> _Task details_
Reproduce the entries exactly.

(Collected data)
※
lemma span4_add:
  assumes "a \<in> S" "b \<in> S" shows "a + b \<in> S"
proof -
  obtain c0 c1 c2 c3 where c: "c0 \<in> L" "c1 \<in> L" "c2 \<in> L" "c3 \<in> L"
    and a: "a = c0 + c1 * y + c2 * y ^ 2 + c3 * y ^ 3" using assms(1) by (rule span4_memE)
  obtain d0 d1 d2 d3 where d: "d0 \<in> L" "d1 \<in> L" "d2 \<in> L" "d3 \<in> L"
    and b: "b = d0 + d1 * y + d2 * y ^ 2 + d3 * y ^ 3" using assms(2) by (rule span4_memE)
  have "a + b = (c0 + d0) + (c1 + d1) * y + (c2 + d2) * y ^ 2 + (c3 + d3) * y ^ 3"
    unfolding a b by (simp add: algebra_simps)
  also have "\<dots> \<in> S" using c d L_subfield by (intro span4_memI) (auto intro: subfield_add)
  finally show ?thesis .
qed

lemma span4_uminus:
  assumes "a \<in> S" shows "- a \<in> S"
proof -
  obtain c0 c1 c2 c3 where c: "c0 \<in> L" "c1 \<in> L" "c2 \<in> L" "c3 \<in> L"
    and a: "a = c0 + c1 * y + c2 * y ^ 2 + c3 * y ^ 3" using assms by (rule span4_memE)
  have "- a = (- c0) + (- c1) * y + (- c2) * y ^ 2 + (- c3) * y ^ 3"
    unfolding a by (simp add: algebra_simps)
  also have "\<dots> \<in> S" using c L_subfield by (intro span4_memI) (auto intro: subfield_uminus)
  finally show ?thesis .
qed

lemma span4_mult:
  assumes "a \<in> S" "b \<in> S" shows "a * b \<in> S"
proof -
  obtain c0 c1 c2 c3 where c: "c0 \<in> L" "c1 \<in> L" "c2 \<in> L" "c3 \<in> L"
    and a: "a = c0 + c1 * y + c2 * y ^ 2 + c3 * y ^ 3" using assms(1) by (rule span4_memE)
  obtain d0 d1 d2 d3 where d: "d0 \<in> L" "d1 \<in> L" "d2 \<in> L" "d3 \<in> L"
    and b: "b = d0 + d1 * y + d2 * y ^ 2 + d3 * y ^ 3" using assms(2) by (rule span4_memE)
  show ?thesis unfolding a b mult_mod_quartic[OF refl]
    using c d y4_in_L L_subfield by (intro span4_memI) (auto intro!: subfield_intros)
qed

lemma g_on_span4:
  assumes "c0 \<in> L" "c1 \<in> L" "c2 \<in> L" "c3 \<in> L"
  shows "g (c0 + c1 * y + c2 * y ^ 2 + c3 * y ^ 3) =
         c0 + (i * c1) * y + (- c2) * y ^ 2 + (- i * c3) * y ^ 3"
proof -
  have endo: "g (a ^ n) = g a ^ n" for a n using field_endo_facts[OF g_add g_mult g_inj] by simp
  have i3: "i ^ 3 = - i" using i_sq by (simp add: power3_eq_cube power2_eq_square[symmetric])
  have "g (c0 + c1 * y + c2 * y ^ 2 + c3 * y ^ 3) =
        c0 + c1 * (i * y) + c2 * (i * y) ^ 2 + c3 * (i * y) ^ 3"
    using assms by (simp add: g_add g_mult endo g_fixes_L g_y)
  also have "\<dots> = c0 + (i * c1) * y + (- c2) * y ^ 2 + (- i * c3) * y ^ 3"
    by (simp add: power_mult_distrib i_sq i3)
  finally show ?thesis .
qed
※
> _Output below_
lemma span4_add:
  assumes "a \<in> S" "b \<in> S" shows "a + b \<in> S"
proof -
  obtain c0 c1 c2 c3 where c: "c0 \<in> L" "c1 \<in> L" "c2 \<in> L" "c3 \<in> L"
    and a: "a = c0 + c1 * y + c2 * y ^ 2 + c3 * y ^ 3" using assms(1) by (rule span4_memE)
  obtain d0 d1 d2 d3 where d: "d0 \<in> L" "d1 \<in> L" "d2 \<in> L" "d3 \<in> L"
    and b: "b = d0 + d1 * y + d2 * y ^ 2 + d3 * y ^ 3" using assms(2) by (rule span4_memE)
  have "a + b = (c0 + d0) + (c1 + d1) * y + (c2 + d2) * y ^ 2 + (c3 + d3) * y ^ 3"
    unfolding a b by (simp add: algebra_simps)
  also have "\<dots> \<in> S" using c d L_subfield by (intro span4_memI) (auto intro: subfield_add)
  finally show ?thesis .
qed

lemma span4_uminus:
  assumes "a \<in> S" shows "- a \<in> S"
proof -
  obtain c0 c1 c2 c3 where c: "c0 \<in> L" "c1 \<in> L" "c2 \<in> L" "c3 \<in> L"
    and a: "a = c0 + c1 * y + c2 * y ^ 2 + c3 * y ^ 3" using assms by (rule span4_memE)
  have "- a = (- c0) + (- c1) * y + (- c2) * y ^ 2 + (- c3) * y ^ 3"
    unfolding a by (simp add: algebra_simps)
  also have "\<dots> \<in> S" using c L_subfield by (intro span4_memI) (auto intro: subfield_uminus)
  finally show ?thesis .
qed

lemma span4_mult:
  assumes "a \<in> S" "b \<in> S" shows "a * b \<in> S"
proof -
  obtain c0 c1 c2 c3 where c: "c0 \<in> L" "c1 \<in> L" "c2 \<in> L" "c3 \<in> L"
    and a: "a = c0 + c1 * y + c2 * y ^ 2 + c3 * y ^ 3" using assms(1) by (rule span4_memE)
  obtain d0 d1 d2 d3 where d: "d0 \<in> L" "d1 \<in> L" "d2 \<in> L" "d3 \<in> L"
    and b: "b = d0 + d1 * y + d2 * y ^ 2 + d3 * y ^ 3" using assms(2) by (rule span4_memE)
  show ?thesis unfolding a b mult_mod_quartic[OF refl]
    using c d y4_in_L L_subfield by (intro span4_memI) (auto intro!: subfield_intros)
qed

lemma g_on_span4:
  assumes "c0 \<in> L" "c1 \<in> L" "c2 \<in> L" "c3 \<in> L"
  shows "g (c0 + c1 * y + c2 * y ^ 2 + c3 * y ^ 3) =
         c0 + (i * c1) * y + (- c2) * y ^ 2 + (- i * c3) * y ^ 3"
proof -
  have endo: "g (a ^ n) = g a ^ n" for a n using field_endo_facts[OF g_add g_mult g_inj] by simp
  have i3: "i ^ 3 = - i" using i_sq by (simp add: power3_eq_cube power2_eq_square[symmetric])
  have "g (c0 + c1 * y + c2 * y ^ 2 + c3 * y ^ 3) =
        c0 + c1 * (i * y) + c2 * (i * y) ^ 2 + c3 * (i * y) ^ 3"
    using assms by (simp add: g_add g_mult endo g_fixes_L g_y)
  also have "\<dots> = c0 + (i * c1) * y + (- c2) * y ^ 2 + (- i * c3) * y ^ 3"
    by (simp add: power_mult_distrib i_sq i3)
  finally show ?thesis .
qed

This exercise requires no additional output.